>>>>>
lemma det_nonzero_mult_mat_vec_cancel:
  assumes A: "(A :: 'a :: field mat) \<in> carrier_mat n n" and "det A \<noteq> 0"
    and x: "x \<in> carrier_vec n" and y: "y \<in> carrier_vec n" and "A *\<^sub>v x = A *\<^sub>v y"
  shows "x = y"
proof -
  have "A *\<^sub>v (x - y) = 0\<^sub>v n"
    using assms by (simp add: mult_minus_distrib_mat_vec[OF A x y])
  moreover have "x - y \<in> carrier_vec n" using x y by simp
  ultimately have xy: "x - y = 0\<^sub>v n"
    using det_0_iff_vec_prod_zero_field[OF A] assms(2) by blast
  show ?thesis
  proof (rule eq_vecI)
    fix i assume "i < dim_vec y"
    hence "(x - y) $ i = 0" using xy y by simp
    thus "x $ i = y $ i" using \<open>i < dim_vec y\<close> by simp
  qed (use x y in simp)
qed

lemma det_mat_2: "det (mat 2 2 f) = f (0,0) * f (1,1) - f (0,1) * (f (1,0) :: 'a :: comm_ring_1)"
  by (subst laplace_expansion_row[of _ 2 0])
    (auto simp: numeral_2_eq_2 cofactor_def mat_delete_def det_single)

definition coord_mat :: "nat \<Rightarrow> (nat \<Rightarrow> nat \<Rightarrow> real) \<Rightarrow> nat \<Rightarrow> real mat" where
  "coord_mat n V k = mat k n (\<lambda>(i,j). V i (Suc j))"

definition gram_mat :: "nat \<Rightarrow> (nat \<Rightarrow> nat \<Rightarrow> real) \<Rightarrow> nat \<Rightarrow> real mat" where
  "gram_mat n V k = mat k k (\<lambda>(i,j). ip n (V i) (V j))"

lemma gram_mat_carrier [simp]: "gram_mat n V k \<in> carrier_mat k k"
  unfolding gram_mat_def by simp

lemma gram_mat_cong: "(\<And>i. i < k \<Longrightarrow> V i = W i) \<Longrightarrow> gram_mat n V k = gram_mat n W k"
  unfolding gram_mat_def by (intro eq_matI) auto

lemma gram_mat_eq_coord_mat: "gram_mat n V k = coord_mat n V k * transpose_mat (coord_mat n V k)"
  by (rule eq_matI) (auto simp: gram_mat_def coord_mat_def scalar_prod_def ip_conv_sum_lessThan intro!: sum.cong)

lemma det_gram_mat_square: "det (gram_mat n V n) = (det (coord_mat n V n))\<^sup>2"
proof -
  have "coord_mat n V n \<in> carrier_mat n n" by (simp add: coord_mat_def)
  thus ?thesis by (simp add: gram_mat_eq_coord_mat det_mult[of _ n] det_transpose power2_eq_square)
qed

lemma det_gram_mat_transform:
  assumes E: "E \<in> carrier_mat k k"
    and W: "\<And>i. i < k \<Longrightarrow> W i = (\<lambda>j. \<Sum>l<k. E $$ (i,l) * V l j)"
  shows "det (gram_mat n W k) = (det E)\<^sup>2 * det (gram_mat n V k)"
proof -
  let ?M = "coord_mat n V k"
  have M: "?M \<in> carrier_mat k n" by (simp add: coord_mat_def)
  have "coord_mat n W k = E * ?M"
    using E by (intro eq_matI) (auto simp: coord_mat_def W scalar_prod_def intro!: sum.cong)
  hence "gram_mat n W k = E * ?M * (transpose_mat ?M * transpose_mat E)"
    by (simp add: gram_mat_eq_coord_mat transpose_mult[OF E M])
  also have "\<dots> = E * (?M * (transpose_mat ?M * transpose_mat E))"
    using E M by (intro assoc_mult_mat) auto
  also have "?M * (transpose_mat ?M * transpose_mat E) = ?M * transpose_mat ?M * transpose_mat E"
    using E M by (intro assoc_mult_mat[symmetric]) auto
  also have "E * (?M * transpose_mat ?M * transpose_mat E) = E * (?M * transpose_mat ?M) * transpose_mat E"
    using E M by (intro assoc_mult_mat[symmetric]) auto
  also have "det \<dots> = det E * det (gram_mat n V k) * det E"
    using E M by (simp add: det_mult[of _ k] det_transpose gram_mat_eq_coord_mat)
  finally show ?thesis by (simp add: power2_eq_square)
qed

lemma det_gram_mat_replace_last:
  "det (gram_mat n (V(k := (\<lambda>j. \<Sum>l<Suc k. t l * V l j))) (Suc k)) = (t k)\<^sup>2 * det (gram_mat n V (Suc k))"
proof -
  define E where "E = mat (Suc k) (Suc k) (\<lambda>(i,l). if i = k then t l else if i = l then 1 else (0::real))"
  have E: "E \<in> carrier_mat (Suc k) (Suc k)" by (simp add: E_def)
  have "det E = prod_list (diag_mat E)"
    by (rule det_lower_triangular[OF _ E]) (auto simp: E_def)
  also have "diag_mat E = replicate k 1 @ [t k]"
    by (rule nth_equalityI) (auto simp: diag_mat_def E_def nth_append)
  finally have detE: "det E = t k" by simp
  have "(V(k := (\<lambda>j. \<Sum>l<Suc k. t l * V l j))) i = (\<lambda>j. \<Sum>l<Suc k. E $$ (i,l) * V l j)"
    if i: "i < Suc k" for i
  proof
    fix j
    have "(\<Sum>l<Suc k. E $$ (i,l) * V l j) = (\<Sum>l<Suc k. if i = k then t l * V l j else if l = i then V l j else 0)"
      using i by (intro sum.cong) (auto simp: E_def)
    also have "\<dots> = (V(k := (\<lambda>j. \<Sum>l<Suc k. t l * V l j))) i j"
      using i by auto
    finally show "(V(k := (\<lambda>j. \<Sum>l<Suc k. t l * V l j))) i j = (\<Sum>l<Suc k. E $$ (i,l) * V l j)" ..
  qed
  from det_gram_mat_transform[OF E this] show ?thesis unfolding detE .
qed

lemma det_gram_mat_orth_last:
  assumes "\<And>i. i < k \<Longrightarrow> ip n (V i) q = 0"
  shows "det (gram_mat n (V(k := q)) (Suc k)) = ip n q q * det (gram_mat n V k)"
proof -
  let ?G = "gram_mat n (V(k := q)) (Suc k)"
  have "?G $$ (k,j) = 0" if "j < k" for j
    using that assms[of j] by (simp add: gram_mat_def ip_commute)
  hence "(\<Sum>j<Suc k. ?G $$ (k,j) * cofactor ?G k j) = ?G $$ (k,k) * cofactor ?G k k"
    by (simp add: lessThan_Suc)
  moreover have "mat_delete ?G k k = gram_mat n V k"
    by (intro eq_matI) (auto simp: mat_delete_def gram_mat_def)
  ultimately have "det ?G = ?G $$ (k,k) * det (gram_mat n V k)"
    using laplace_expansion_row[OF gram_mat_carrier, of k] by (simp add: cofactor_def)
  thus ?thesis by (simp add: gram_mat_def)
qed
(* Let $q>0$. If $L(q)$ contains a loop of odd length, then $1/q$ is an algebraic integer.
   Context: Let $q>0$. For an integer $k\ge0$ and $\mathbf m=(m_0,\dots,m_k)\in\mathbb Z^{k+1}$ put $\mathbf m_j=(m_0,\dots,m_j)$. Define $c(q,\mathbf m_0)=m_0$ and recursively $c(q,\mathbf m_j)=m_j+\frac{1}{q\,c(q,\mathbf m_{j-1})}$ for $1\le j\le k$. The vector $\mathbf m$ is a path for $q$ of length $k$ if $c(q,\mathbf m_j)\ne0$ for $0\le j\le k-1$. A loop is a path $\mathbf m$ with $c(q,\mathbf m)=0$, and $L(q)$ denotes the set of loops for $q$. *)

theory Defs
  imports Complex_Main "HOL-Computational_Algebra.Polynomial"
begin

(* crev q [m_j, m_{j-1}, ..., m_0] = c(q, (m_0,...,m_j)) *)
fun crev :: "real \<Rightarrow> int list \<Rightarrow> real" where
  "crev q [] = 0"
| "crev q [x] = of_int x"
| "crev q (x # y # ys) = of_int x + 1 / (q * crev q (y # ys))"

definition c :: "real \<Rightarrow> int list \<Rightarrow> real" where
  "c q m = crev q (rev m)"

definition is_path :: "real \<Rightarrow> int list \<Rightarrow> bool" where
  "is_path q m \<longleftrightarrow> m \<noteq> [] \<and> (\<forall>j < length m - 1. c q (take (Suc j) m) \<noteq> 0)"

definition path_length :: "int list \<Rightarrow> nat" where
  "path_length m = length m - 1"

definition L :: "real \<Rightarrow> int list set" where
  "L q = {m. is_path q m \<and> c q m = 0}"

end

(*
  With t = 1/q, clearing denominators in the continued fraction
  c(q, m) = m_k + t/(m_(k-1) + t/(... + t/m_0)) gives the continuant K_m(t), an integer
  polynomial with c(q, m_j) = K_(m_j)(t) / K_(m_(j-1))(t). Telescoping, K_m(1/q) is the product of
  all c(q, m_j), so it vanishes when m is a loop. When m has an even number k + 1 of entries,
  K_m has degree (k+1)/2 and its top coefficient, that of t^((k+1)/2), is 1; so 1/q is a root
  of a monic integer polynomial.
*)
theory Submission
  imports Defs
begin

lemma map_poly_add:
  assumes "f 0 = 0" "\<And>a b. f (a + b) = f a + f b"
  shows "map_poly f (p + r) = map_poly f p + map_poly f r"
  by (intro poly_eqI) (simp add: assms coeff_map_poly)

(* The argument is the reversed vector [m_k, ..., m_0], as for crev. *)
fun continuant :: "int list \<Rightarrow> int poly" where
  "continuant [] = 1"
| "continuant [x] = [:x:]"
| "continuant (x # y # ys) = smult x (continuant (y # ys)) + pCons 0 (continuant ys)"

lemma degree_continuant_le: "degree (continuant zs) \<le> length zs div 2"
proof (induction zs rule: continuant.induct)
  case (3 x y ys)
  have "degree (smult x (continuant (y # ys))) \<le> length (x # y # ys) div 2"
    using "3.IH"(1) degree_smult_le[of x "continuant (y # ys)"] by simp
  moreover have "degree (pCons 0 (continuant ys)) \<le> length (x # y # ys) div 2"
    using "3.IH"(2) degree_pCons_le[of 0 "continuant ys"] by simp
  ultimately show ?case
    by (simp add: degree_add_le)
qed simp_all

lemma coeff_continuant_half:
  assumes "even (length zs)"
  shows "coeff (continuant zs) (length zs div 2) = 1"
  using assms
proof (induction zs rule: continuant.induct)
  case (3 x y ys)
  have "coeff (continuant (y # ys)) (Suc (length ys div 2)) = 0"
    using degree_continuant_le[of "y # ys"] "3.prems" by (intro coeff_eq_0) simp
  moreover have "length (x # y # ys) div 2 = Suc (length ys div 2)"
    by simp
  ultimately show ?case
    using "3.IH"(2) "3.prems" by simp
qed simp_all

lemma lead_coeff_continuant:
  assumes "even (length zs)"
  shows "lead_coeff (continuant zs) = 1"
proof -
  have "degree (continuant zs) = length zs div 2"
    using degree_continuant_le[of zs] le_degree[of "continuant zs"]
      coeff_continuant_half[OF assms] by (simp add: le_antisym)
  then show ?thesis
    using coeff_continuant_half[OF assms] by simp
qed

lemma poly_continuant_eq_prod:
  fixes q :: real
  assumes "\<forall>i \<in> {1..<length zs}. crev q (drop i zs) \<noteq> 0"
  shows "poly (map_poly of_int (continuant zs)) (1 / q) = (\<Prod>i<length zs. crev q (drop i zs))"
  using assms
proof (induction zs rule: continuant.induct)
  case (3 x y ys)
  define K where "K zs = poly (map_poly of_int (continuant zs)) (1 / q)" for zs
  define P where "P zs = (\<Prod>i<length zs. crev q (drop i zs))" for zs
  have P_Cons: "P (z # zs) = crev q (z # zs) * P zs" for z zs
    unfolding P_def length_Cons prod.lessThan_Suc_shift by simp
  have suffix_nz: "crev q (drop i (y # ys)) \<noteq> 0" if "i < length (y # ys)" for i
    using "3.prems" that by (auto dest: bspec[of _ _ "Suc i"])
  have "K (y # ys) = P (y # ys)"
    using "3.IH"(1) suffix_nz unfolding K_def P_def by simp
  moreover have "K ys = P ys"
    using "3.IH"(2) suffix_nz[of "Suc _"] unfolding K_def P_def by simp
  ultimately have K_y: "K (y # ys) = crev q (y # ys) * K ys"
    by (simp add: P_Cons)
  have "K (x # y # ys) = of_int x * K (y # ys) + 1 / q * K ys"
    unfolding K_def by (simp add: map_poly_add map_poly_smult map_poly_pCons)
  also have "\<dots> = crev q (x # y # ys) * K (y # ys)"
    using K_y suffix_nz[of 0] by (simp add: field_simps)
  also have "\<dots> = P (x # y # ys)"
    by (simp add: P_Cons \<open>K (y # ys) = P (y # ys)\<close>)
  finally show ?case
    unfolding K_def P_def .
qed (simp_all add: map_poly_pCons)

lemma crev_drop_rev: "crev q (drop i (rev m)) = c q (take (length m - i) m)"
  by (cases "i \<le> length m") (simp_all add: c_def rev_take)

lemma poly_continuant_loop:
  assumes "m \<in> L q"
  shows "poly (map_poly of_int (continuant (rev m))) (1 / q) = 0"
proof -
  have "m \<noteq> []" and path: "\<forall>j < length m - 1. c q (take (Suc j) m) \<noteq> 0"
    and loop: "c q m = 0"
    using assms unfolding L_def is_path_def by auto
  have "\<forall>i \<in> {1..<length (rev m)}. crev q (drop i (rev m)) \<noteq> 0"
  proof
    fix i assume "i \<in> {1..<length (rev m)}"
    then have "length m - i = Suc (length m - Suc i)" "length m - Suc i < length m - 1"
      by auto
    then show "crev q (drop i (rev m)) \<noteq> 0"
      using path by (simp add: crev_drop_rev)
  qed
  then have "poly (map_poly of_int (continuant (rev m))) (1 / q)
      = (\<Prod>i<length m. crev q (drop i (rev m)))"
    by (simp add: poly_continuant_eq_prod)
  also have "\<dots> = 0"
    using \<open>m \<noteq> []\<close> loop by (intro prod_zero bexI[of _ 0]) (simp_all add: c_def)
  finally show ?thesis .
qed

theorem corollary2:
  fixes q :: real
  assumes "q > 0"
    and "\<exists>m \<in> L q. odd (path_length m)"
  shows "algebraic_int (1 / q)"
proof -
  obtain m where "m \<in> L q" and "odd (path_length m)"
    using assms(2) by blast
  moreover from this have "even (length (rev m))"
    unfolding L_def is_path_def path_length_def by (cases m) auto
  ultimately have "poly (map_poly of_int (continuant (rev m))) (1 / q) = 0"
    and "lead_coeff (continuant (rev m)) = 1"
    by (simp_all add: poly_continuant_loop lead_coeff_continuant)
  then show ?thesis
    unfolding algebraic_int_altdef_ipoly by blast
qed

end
<<<<<
▶ _Task requirements_
Each line from the top of the material above through the line with "by (subst laplace_expansion_row[of _ 2 0])" must be echoed exactly, and no other line.

▶ _Answer below_
lemma det_nonzero_mult_mat_vec_cancel:
  assumes A: "(A :: 'a :: field mat) \<in> carrier_mat n n" and "det A \<noteq> 0"
    and x: "x \<in> carrier_vec n" and y: "y \<in> carrier_vec n" and "A *\<^sub>v x = A *\<^sub>v y"
  shows "x = y"
proof -
  have "A *\<^sub>v (x - y) = 0\<^sub>v n"
    using assms by (simp add: mult_minus_distrib_mat_vec[OF A x y])
  moreover have "x - y \<in> carrier_vec n" using x y by simp
  ultimately have xy: "x - y = 0\<^sub>v n"
    using det_0_iff_vec_prod_zero_field[OF A] assms(2) by blast
  show ?thesis
  proof (rule eq_vecI)
    fix i assume "i < dim_vec y"
    hence "(x - y) $ i = 0" using xy y by simp
    thus "x $ i = y $ i" using \<open>i < dim_vec y\<close> by simp
  qed (use x y in simp)
qed

lemma det_mat_2: "det (mat 2 2 f) = f (0,0) * f (1,1) - f (0,1) * (f (1,0) :: 'a :: comm_ring_1)"
  by (subst laplace_expansion_row[of _ 2 0])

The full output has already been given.